**To do**
In the data below, locate each line with the word "lagmult" and list it.
——
theorem theorem4p1:
  fixes f :: "'a::{real_inner,complete_space} \<Rightarrow> real"
    and gradf :: "'a \<Rightarrow> 'a"
    and A :: "'a \<Rightarrow> 'b::{real_inner,complete_space}"
    and Astar :: "'b \<Rightarrow> 'a"
    and b :: 'b
    and t0 tp :: real
    and eps eps' eps'' :: "real \<Rightarrow> real"
    and x x' :: "real \<Rightarrow> 'a"
    and lam lam' :: "real \<Rightarrow> 'b"
    and xb :: 'a and lb :: 'b
  assumes f_convex: "convex_on UNIV f"
    and f_grad: "\<And>u. (f has_derivative (\<lambda>h. inner (gradf u) h)) (at u)"
    and gradf_cont: "continuous_on UNIV gradf"
    and gradf_lip: "\<And>B. bounded B \<Longrightarrow> \<exists>K. \<forall>u\<in>B. \<forall>v\<in>B. norm (gradf u - gradf v) \<le> K * norm (u - v)"
    and A_lin: "bounded_linear A"
    and A_adj: "\<And>u v. inner (A u) v = inner u (Astar v)"
    and t0_nonneg: "t0 \<ge> 0"
    and eps_pos: "\<And>t. t \<ge> t0 \<Longrightarrow> eps t > 0"
    and eps_d1: "\<And>t. t \<ge> t0 \<Longrightarrow> (eps has_real_derivative eps' t) (at t within {t0..})"
    and eps_d2: "\<And>t. t \<ge> t0 \<Longrightarrow> (eps' has_real_derivative eps'' t) (at t within {t0..})"
    and eps''_cont: "continuous_on {t0..} eps''"
    and eps_lim: "(eps \<longlongrightarrow> 0) at_top"
    and x_deriv: "\<And>t. t \<ge> t0 \<Longrightarrow> (x has_vector_derivative x' t) (at t within {t0..})"
    and lam_deriv: "\<And>t. t \<ge> t0 \<Longrightarrow> (lam has_vector_derivative lam' t) (at t within {t0..})"
    and x'_cont: "continuous_on {t0..} x'"
    and lam'_cont: "continuous_on {t0..} lam'"
    and ode_x: "\<And>t. t \<ge> t0 \<Longrightarrow> x' t + gradf (x t) + Astar (lam t) + eps t *\<^sub>R x t = 0"
    and ode_lam: "\<And>t. t \<ge> t0 \<Longrightarrow> lam' t + (b - A (x t)) + eps t *\<^sub>R lam t = 0"
    and SM_nonempty: "optsol f A b \<times> lagmult f gradf A Astar b \<noteq> {}"
    and tp_ge: "tp \<ge> t0"
    and cond1: "\<And>t. t \<ge> tp \<Longrightarrow> (eps t)\<^sup>2 + eps' t \<ge> 0"
    and cond2: "\<And>t. t \<ge> tp \<Longrightarrow> 2 * eps t * eps' t + eps'' t \<le> 0"
    and xb_lb: "(xb, lb) \<in> optsol f A b \<times> lagmult f gradf A Astar b"
  shows "(\<lambda>t. (norm ((x' t, lam' t) + eps t *\<^sub>R ((x t, lam t) - (xb, lb))))\<^sup>2)
           \<in> O[at_top](\<lambda>t. exp (- 2 * integral {t0..t} eps) + (eps t)\<^sup>2)
       \<and> (\<lambda>t. eps t * (Lag f A b (x t) lb - Lag f A b xb (lam t)))
           \<in> O[at_top](\<lambda>t. exp (- 2 * integral {t0..t} eps) + (eps t)\<^sup>2)
       \<and> (\<lambda>t. (norm (Top gradf A Astar b (x t) (lam t) - Top gradf A Astar b xb lb))\<^sup>2)
           \<in> O[at_top](\<lambda>t. exp (- 2 * integral {t0..t} eps) + (eps t)\<^sup>2)"
proof -
  interpret problem: linearly_constrained_convex f gradf A Astar b
    using f_convex f_grad A_lin A_adj by (rule linearly_constrained_convex.intro)
  interpret dynamics: tikhonov_monotone_flow problem.T eps eps' eps'' "\<lambda>t. (x t, lam t)" "\<lambda>t. (x' t, lam' t)" t0
  proof
    show "\<And>B. bounded B \<Longrightarrow> \<exists>L. L-lipschitz_on B problem.T"
      using gradf_lip by (rule problem.T_lipschitz_on_bounded)
    show "\<And>t. t \<ge> t0 \<Longrightarrow> ((\<lambda>t. (x t, lam t)) has_vector_derivative (x' t, lam' t)) (at t within {t0..})"
      by (intro has_vector_derivative_Pair x_deriv lam_deriv)
    show "continuous_on {t0..} (\<lambda>t. (x' t, lam' t))"
      by (intro continuous_on_Pair x'_cont lam'_cont)
    show "\<And>t. t \<ge> t0 \<Longrightarrow> (x' t, lam' t) + problem.T (x t, lam t) + eps t *\<^sub>R (x t, lam t) = 0"
      using ode_x ode_lam by (simp add: problem.T_def Top_def zero_prod_def add.assoc)
  qed (fact problem.T_monotone eps_pos eps_d1 eps_d2)+
  have T_zb: "problem.T (xb, lb) = 0"
    using xb_lb by (rule problem.T_saddle_point)
  note rates = dynamics.convergence_rates[OF tp_ge cond1 cond2 T_zb, unfolded dynamics.rho_def]
  have "eventually (\<lambda>t. norm (eps t * (Lag f A b (x t) lb - Lag f A b xb (lam t)))
      \<le> norm (eps t * inner (problem.T (x t, lam t)) ((x t, lam t) - (xb, lb)))) at_top"
    using eventually_ge_at_top[of t0]
  proof eventually_elim
    case (elim t)
    then show ?case
      using problem.scaled_Lag_gap_le[OF xb_lb, of "eps t" "x t" "lam t"] eps_pos[of t] by simp
  qed
  then have "(\<lambda>t. eps t * (Lag f A b (x t) lb - Lag f A b xb (lam t)))
      \<in> O[at_top](\<lambda>t. eps t * inner (problem.T (x t, lam t)) ((x t, lam t) - (xb, lb)))"
    by (rule landau_o.big_mono)
  with rates show ?thesis
    by (auto simp: problem.T_def intro: landau_o.big_trans)
qed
——
**Result below**
    and SM_nonempty: "optsol f A b \<times> lagmult f gradf A Astar b \<noteq> {}"
    and xb_lb: "(xb, lb) \<in> optsol f A b \<times> lagmult f gradf A Astar b"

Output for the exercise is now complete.